Strategy 3: Summarize Old Conversation History

import anthropic

client = anthropic.Anthropic()

def summarize_old_turns(
    messages: list,
    keep_recent: int = 8,
    model: str = "claude-haiku-4-5-20251001",
) -> list:
    """Replace old conversation turns with a concise summary."""
    if len(messages) <= keep_recent:
        return messages

    old_messages = messages[:-keep_recent]
    recent_messages = messages[-keep_recent:]

    # Build summary of old messages
    old_text = "\n".join(
        f"{m['role']}: {m['content'][:500]}" for m in old_messages
    )

    summary_resp = client.messages.create(
        model=model,  # Use Haiku for cheap summarization
        max_tokens=800,
        system="Summarize this conversation concisely. Preserve: decisions made, files changed, current task state, unresolved items. Max 250 words.",
        messages=[{"role": "user", "content": old_text}],
    )

    summary = summary_resp.content[0].text

    return [
        {"role": "user", "content": f"[Summary of previous {len(old_messages)} messages: {summary}]"},
        {"role": "assistant", "content": "Understood. Continuing with this context."},
    ] + recent_messages

Strategy 4: Truncate Long Tool Outputs

def truncate_tool_outputs(messages: list, max_output_lines: int = 40) -> list:
    """Truncate verbose tool outputs while keeping key information."""
    cleaned = []
    for msg in messages:
        content = msg["content"]
        lines = content.split("\n")

        if len(lines) > max_output_lines:
            # Keep first 15 and last 15 lines, add truncation marker
            head = lines[:15]
            tail = lines[-15:]
            truncated = len(lines) - 30
            content = "\n".join(head + [f"\n[...{truncated} lines truncated...]\n"] + tail)

        cleaned.append({**msg, "content": content})
    return cleaned

Complete Pruning Pipeline

def full_prune_pipeline(messages: list) -> dict:
    """Apply all pruning strategies in order of impact."""
    original_tokens = sum(len(m["content"]) // 4 for m in messages)

    # Strategy 1: Noise removal
    messages, noise_removed = prune_messages_noise(messages)

    # Strategy 2: Code deduplication
    messages, code_tokens_saved = deduplicate_code_blocks(messages)

    # Strategy 3: Truncate outputs
    messages = truncate_tool_outputs(messages)

    # Strategy 4: Summarize old turns
    messages = summarize_old_turns(messages)

    final_tokens = sum(len(m["content"]) // 4 for m in messages)
    reduction = (1 - final_tokens / max(original_tokens, 1)) * 100

    return {
        "messages": messages,
        "original_tokens": original_tokens,
        "final_tokens": final_tokens,
        "reduction": f"{reduction:.1f}%",
        "opus_savings_per_request": f"${(original_tokens - final_tokens) * 5 / 1_000_000:.4f}",
    }

The Tradeoffs

Pruning is irreversible within a session. If Claude later needs information that was pruned, you must re-provide it. Mitigate by pruning conservatively (start with noise removal only) and expanding pruning strategies gradually.

Summarization via Haiku adds cost ($0.001-$0.01 per summary) and latency (0.5-2 seconds). This is negligible compared to the savings but worth tracking.
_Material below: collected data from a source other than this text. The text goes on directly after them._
lemma second_deriv_nonpos_at_local_max:
  fixes f f' :: "real \<Rightarrow> real"
  assumes "0 < d"
    and der: "\<And>y. \<bar>y - x\<bar> < d \<Longrightarrow> (f has_real_derivative f' y) (at y)"
    and der2: "(f' has_real_derivative l) (at x)"
    and local_max: "\<And>y. \<bar>y - x\<bar> < d \<Longrightarrow> f y \<le> f x"
  shows "l \<le> 0"
proof (rule ccontr)
  assume "\<not> l \<le> 0"
  have "f' x = 0"
    using DERIV_local_max[OF der[of x] \<open>0 < d\<close>] local_max by (simp add: abs_minus_commute \<open>0 < d\<close>)
  with \<open>\<not> l \<le> 0\<close> obtain d' where "d' > 0" and inc: "\<And>h. 0 < h \<Longrightarrow> h < d' \<Longrightarrow> 0 < f' (x + h)"
    using DERIV_pos_inc_right[OF der2] by force
  define h where "h = min d d' / 2"
  have h: "0 < h" "h < d" "h < d'" using \<open>0 < d\<close> \<open>d' > 0\<close> by (auto simp: h_def)
  obtain \<xi> where "x < \<xi>" "\<xi> < x + h" "f (x + h) - f x = h * f' \<xi>"
    using MVT2[of x "x + h" f f'] h der by force
  moreover have "0 < f' \<xi>" using inc[of "\<xi> - x"] \<open>x < \<xi>\<close> \<open>\<xi> < x + h\<close> h by force
  ultimately have "f x < f (x + h)" using h by (simp add: algebra_simps)
  then show False using local_max[of "x + h"] h by simp
qed

lemma parabolic_max_principle_strict:
  fixes z zt zx zxx :: "real \<Rightarrow> real \<Rightarrow> real" and a b \<tau> T :: real
  assumes cont: "continuous_on ({a..b} \<times> {\<tau>..T}) (\<lambda>(x, t). z x t)"
    and dt: "\<And>x t. a < x \<Longrightarrow> x < b \<Longrightarrow> \<tau> < t \<Longrightarrow> t \<le> T \<Longrightarrow>
      ((\<lambda>s. z x s) has_real_derivative zt x t) (at t)"
    and dx: "\<And>x t. a < x \<Longrightarrow> x < b \<Longrightarrow> \<tau> < t \<Longrightarrow> t \<le> T \<Longrightarrow>
      ((\<lambda>y. z y t) has_real_derivative zx x t) (at x)"
    and dxx: "\<And>x t. a < x \<Longrightarrow> x < b \<Longrightarrow> \<tau> < t \<Longrightarrow> t \<le> T \<Longrightarrow>
      ((\<lambda>y. zx y t) has_real_derivative zxx x t) (at x)"
    and strict_subsol: "\<And>x t. a < x \<Longrightarrow> x < b \<Longrightarrow> \<tau> < t \<Longrightarrow> t \<le> T \<Longrightarrow> zt x t < zxx x t"
    and left: "\<And>t. \<tau> \<le> t \<Longrightarrow> t \<le> T \<Longrightarrow> z a t \<le> 0"
    and right: "\<And>t. \<tau> \<le> t \<Longrightarrow> t \<le> T \<Longrightarrow> z b t \<le> 0"
    and initial: "\<And>x. a \<le> x \<Longrightarrow> x \<le> b \<Longrightarrow> z x \<tau> \<le> 0"
    and x: "a \<le> x" "x \<le> b" and t: "\<tau> \<le> t" "t \<le> T"
  shows "z x t \<le> 0"
proof -
  define S where "S = {a..b} \<times> {\<tau>..T}"
  have "compact S" "S \<noteq> {}"
    using x t by (auto simp: S_def intro!: compact_Times)
  then obtain xs ts where "(xs, ts) \<in> S" and "\<And>p. p \<in> S \<Longrightarrow> (\<lambda>(x, t). z x t) p \<le> z xs ts"
    using continuous_attains_sup[of S "\<lambda>(x, t). z x t"] cont by (auto simp: S_def)
  then have xs: "a \<le> xs" "xs \<le> b" and ts: "\<tau> \<le> ts" "ts \<le> T"
    and zmax: "\<And>y s. a \<le> y \<Longrightarrow> y \<le> b \<Longrightarrow> \<tau> \<le> s \<Longrightarrow> s \<le> T \<Longrightarrow> z y s \<le> z xs ts"
    by (auto simp: S_def)
  show ?thesis
  proof (cases "z xs ts \<le> 0")
    case True
    then show ?thesis using zmax[OF x t] by simp
  next
    case False
    then have "xs \<noteq> a" "xs \<noteq> b" "ts \<noteq> \<tau>"
      using left[OF ts] right[OF ts] initial[OF xs] by auto
    with xs ts have xs': "a < xs" "xs < b" and ts': "\<tau> < ts"
      by auto
    have "0 \<le> zt xs ts"
      by (rule deriv_nonneg_at_left_max[where d = "ts - \<tau>", OF dt[OF xs' ts' ts(2)]])
        (use ts' ts in \<open>auto intro!: zmax xs\<close>)
    moreover have "zxx xs ts \<le> 0"
    proof (rule second_deriv_nonpos_at_local_max[where f = "\<lambda>y. z y ts"])
      show "0 < min (xs - a) (b - xs)" using xs' by simp
      show "z y ts \<le> z xs ts" if "\<bar>y - xs\<bar> < min (xs - a) (b - xs)" for y
        using zmax[of y ts] that ts by auto
    qed (use xs' ts' ts in \<open>auto intro!: dx dxx\<close>)
    ultimately show ?thesis
      using strict_subsol[OF xs' ts' ts(2)] by simp
  qed
qed

lemma parabolic_max_principle:
  fixes z zt zx zxx :: "real \<Rightarrow> real \<Rightarrow> real" and a b \<tau> T :: real
  assumes cont: "continuous_on ({a..b} \<times> {\<tau>..T}) (\<lambda>(x, t). z x t)"
    and dt: "\<And>x t. a < x \<Longrightarrow> x < b \<Longrightarrow> \<tau> < t \<Longrightarrow> t \<le> T \<Longrightarrow>
      ((\<lambda>s. z x s) has_real_derivative zt x t) (at t)"
    and dx: "\<And>x t. a < x \<Longrightarrow> x < b \<Longrightarrow> \<tau> < t \<Longrightarrow> t \<le> T \<Longrightarrow>
      ((\<lambda>y. z y t) has_real_derivative zx x t) (at x)"
    and dxx: "\<And>x t. a < x \<Longrightarrow> x < b \<Longrightarrow> \<tau> < t \<Longrightarrow> t \<le> T \<Longrightarrow>
      ((\<lambda>y. zx y t) has_real_derivative zxx x t) (at x)"
    and subsol: "\<And>x t. a < x \<Longrightarrow> x < b \<Longrightarrow> \<tau> < t \<Longrightarrow> t \<le> T \<Longrightarrow> zt x t \<le> zxx x t"
    and left: "\<And>t. \<tau> \<le> t \<Longrightarrow> t \<le> T \<Longrightarrow> z a t \<le> 0"
    and right: "\<And>t. \<tau> \<le> t \<Longrightarrow> t \<le> T \<Longrightarrow> z b t \<le> 0"
    and initial: "\<And>x. a \<le> x \<Longrightarrow> x \<le> b \<Longrightarrow> z x \<tau> \<le> 0"
    and x: "a \<le> x" "x \<le> b" and t: "\<tau> \<le> t" "t \<le> T"
  shows "z x t \<le> 0"
proof (rule field_le_epsilon)
  fix e :: real
  assume "0 < e"
  define \<epsilon> where "\<epsilon> = e / (t - \<tau> + 1)"
  have "0 < \<epsilon>" "\<epsilon> * (t - \<tau>) \<le> e"
    using \<open>0 < e\<close> t by (simp_all add: \<epsilon>_def field_simps)
  have drift_nonneg: "0 \<le> \<epsilon> * (s - \<tau>)" if "\<tau> \<le> s" for s
    using \<open>0 < \<epsilon>\<close> that by simp
  have "z x t - \<epsilon> * (t - \<tau>) \<le> 0"
  proof (rule parabolic_max_principle_strict[where z = "\<lambda>x t. z x t - \<epsilon> * (t - \<tau>)"
        and zt = "\<lambda>x t. zt x t - \<epsilon>" and zx = zx and zxx = zxx])
    show "continuous_on ({a..b} \<times> {\<tau>..T}) (\<lambda>(x, t). z x t - \<epsilon> * (t - \<tau>))"
      using cont by (auto simp: case_prod_unfold intro!: continuous_intros)
    show "((\<lambda>s. z y s - \<epsilon> * (s - \<tau>)) has_real_derivative zt y s - \<epsilon>) (at s)"
      if "a < y" "y < b" "\<tau> < s" "s \<le> T" for y s
      using dt[OF that] by (auto intro!: derivative_eq_intros)
    show "zt y s - \<epsilon> < zxx y s" if "a < y" "y < b" "\<tau> < s" "s \<le> T" for y s
      using subsol[OF that] \<open>0 < \<epsilon>\<close> by simp
    show "((\<lambda>y. z y s - \<epsilon> * (s - \<tau>)) has_real_derivative zx y s) (at y)"
      if "a < y" "y < b" "\<tau> < s" "s \<le> T" for y s
      using dx[OF that] by (auto intro!: derivative_eq_intros)
    show "z a s - \<epsilon> * (s - \<tau>) \<le> 0" "z b s - \<epsilon> * (s - \<tau>) \<le> 0" if "\<tau> \<le> s" "s \<le> T" for s
      using left[OF that] right[OF that] drift_nonneg[OF that(1)] by simp_all
  qed (use dxx initial x t in auto)
  then show "z x t \<le> 0 + e"
    using \<open>\<epsilon> * (t - \<tau>) \<le> e\<close> by simp
qed

(* Used with A = K / R, B = 2 K and \<omega> = pi / (3 R): on [l - R, l] the linear part dominates a
   bound K at the far end x = l - R, and the cosine mode, which stays above 1/2 there, dominates it
   at the initial time \<tau>; both parts solve the heat equation. *)
definition heat_barrier :: "real \<Rightarrow> real \<Rightarrow> real \<Rightarrow> real \<Rightarrow> real \<Rightarrow> real \<Rightarrow> real \<Rightarrow> real" where
  "heat_barrier A B \<omega> l \<tau> x t = A * (l - x) + B * exp (- (\<omega>\<^sup>2 * (t - \<tau>))) * cos (\<omega> * (l - x))"

lemma heat_barrier_has_derivatives:
  "((\<lambda>s. heat_barrier A B \<omega> l \<tau> x s) has_real_derivative
      - (\<omega>\<^sup>2 * B * exp (- (\<omega>\<^sup>2 * (t - \<tau>))) * cos (\<omega> * (l - x)))) (at t)"
  "((\<lambda>y. heat_barrier A B \<omega> l \<tau> y t) has_real_derivative
      - A + \<omega> * B * exp (- (\<omega>\<^sup>2 * (t - \<tau>))) * sin (\<omega> * (l - x))) (at x)"
  "((\<lambda>y. - A + \<omega> * B * exp (- (\<omega>\<^sup>2 * (t - \<tau>))) * sin (\<omega> * (l - y))) has_real_derivative
      - (\<omega>\<^sup>2 * B * exp (- (\<omega>\<^sup>2 * (t - \<tau>))) * cos (\<omega> * (l - x)))) (at x)"
  unfolding heat_barrier_def
  by (auto intro!: derivative_eq_intros simp: power2_eq_square algebra_simps)

lemma cos_ge_half: "0 \<le> x \<Longrightarrow> x \<le> pi / 3 \<Longrightarrow> 1 / 2 \<le> cos x"
  using cos_monotone_0_pi_le[of x "pi / 3"] by (simp add: cos_60)

lemma heat_barrier_lower:
  assumes "0 \<le> B" "0 \<le> \<omega> * (l - x)" "\<omega> * (l - x) \<le> pi / 3"
  shows "A * (l - x) + B / 2 * exp (- (\<omega>\<^sup>2 * (t - \<tau>))) \<le> heat_barrier A B \<omega> l \<tau> x t"
proof -
  have "B * exp (- (\<omega>\<^sup>2 * (t - \<tau>))) * (1 / 2) \<le> B * exp (- (\<omega>\<^sup>2 * (t - \<tau>))) * cos (\<omega> * (l - x))"
    using assms cos_ge_half by (intro mult_left_mono) auto
  then show ?thesis by (simp add: heat_barrier_def)
qed

lemma heat_barrier_upper:
  assumes "0 \<le> B"
  shows "heat_barrier A B \<omega> l \<tau> x t \<le> A * (l - x) + B * exp (- (\<omega>\<^sup>2 * (t - \<tau>)))"
proof -
  have "B * exp (- (\<omega>\<^sup>2 * (t - \<tau>))) * cos (\<omega> * (l - x)) \<le> B * exp (- (\<omega>\<^sup>2 * (t - \<tau>))) * 1"
    using assms by (intro mult_left_mono) auto
  then show ?thesis by (simp add: heat_barrier_def)
qed

lemma exp_decay_tendsto_zero:
  fixes \<omega> \<tau> :: real
  assumes "\<omega> \<noteq> 0"
  shows "((\<lambda>t. exp (- (\<omega>\<^sup>2 * (t - \<tau>)))) \<longlongrightarrow> 0) at_top"
proof (rule filterlim_compose[OF exp_at_bot])
  have "filterlim (\<lambda>t. \<omega>\<^sup>2 * (t - \<tau>)) at_top at_top"
    using assms
    by (intro filterlim_tendsto_pos_mult_at_top[OF tendsto_const])
      (auto intro: filterlim_tendsto_add_at_top[of "\<lambda>_. - \<tau>", OF tendsto_const filterlim_ident, simplified])
  then show "filterlim (\<lambda>t. - (\<omega>\<^sup>2 * (t - \<tau>))) at_bot at_top"
    by (simp add: filterlim_uminus_at_bot)
qed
Aggressive code deduplication can remove intermediate versions that showed Claude’s reasoning. If debugging Claude’s approach, keep more versions.

Implementation Checklist

  1. Implement noise removal first (zero risk, highest impact)
  2. Add code deduplication for coding-heavy sessions
  3. Implement output truncation at 40 lines
  4. Add history summarization for sessions longer than 15 turns
  5. Monitor context size before and after pruning
  6. Track quality impact on response usefulness
  7. Tune thresholds based on your specific workflow

Measuring Impact

Measure average context size per interaction with and without pruning. Target a 50-70% reduction. Calculate monthly cost savings using the formula: (original_tokens - pruned_tokens) * interactions * rate / 1,000,000 * 30. Track the re-explanation rate (how often you need to re-provide pruned information) — keep this under 5%.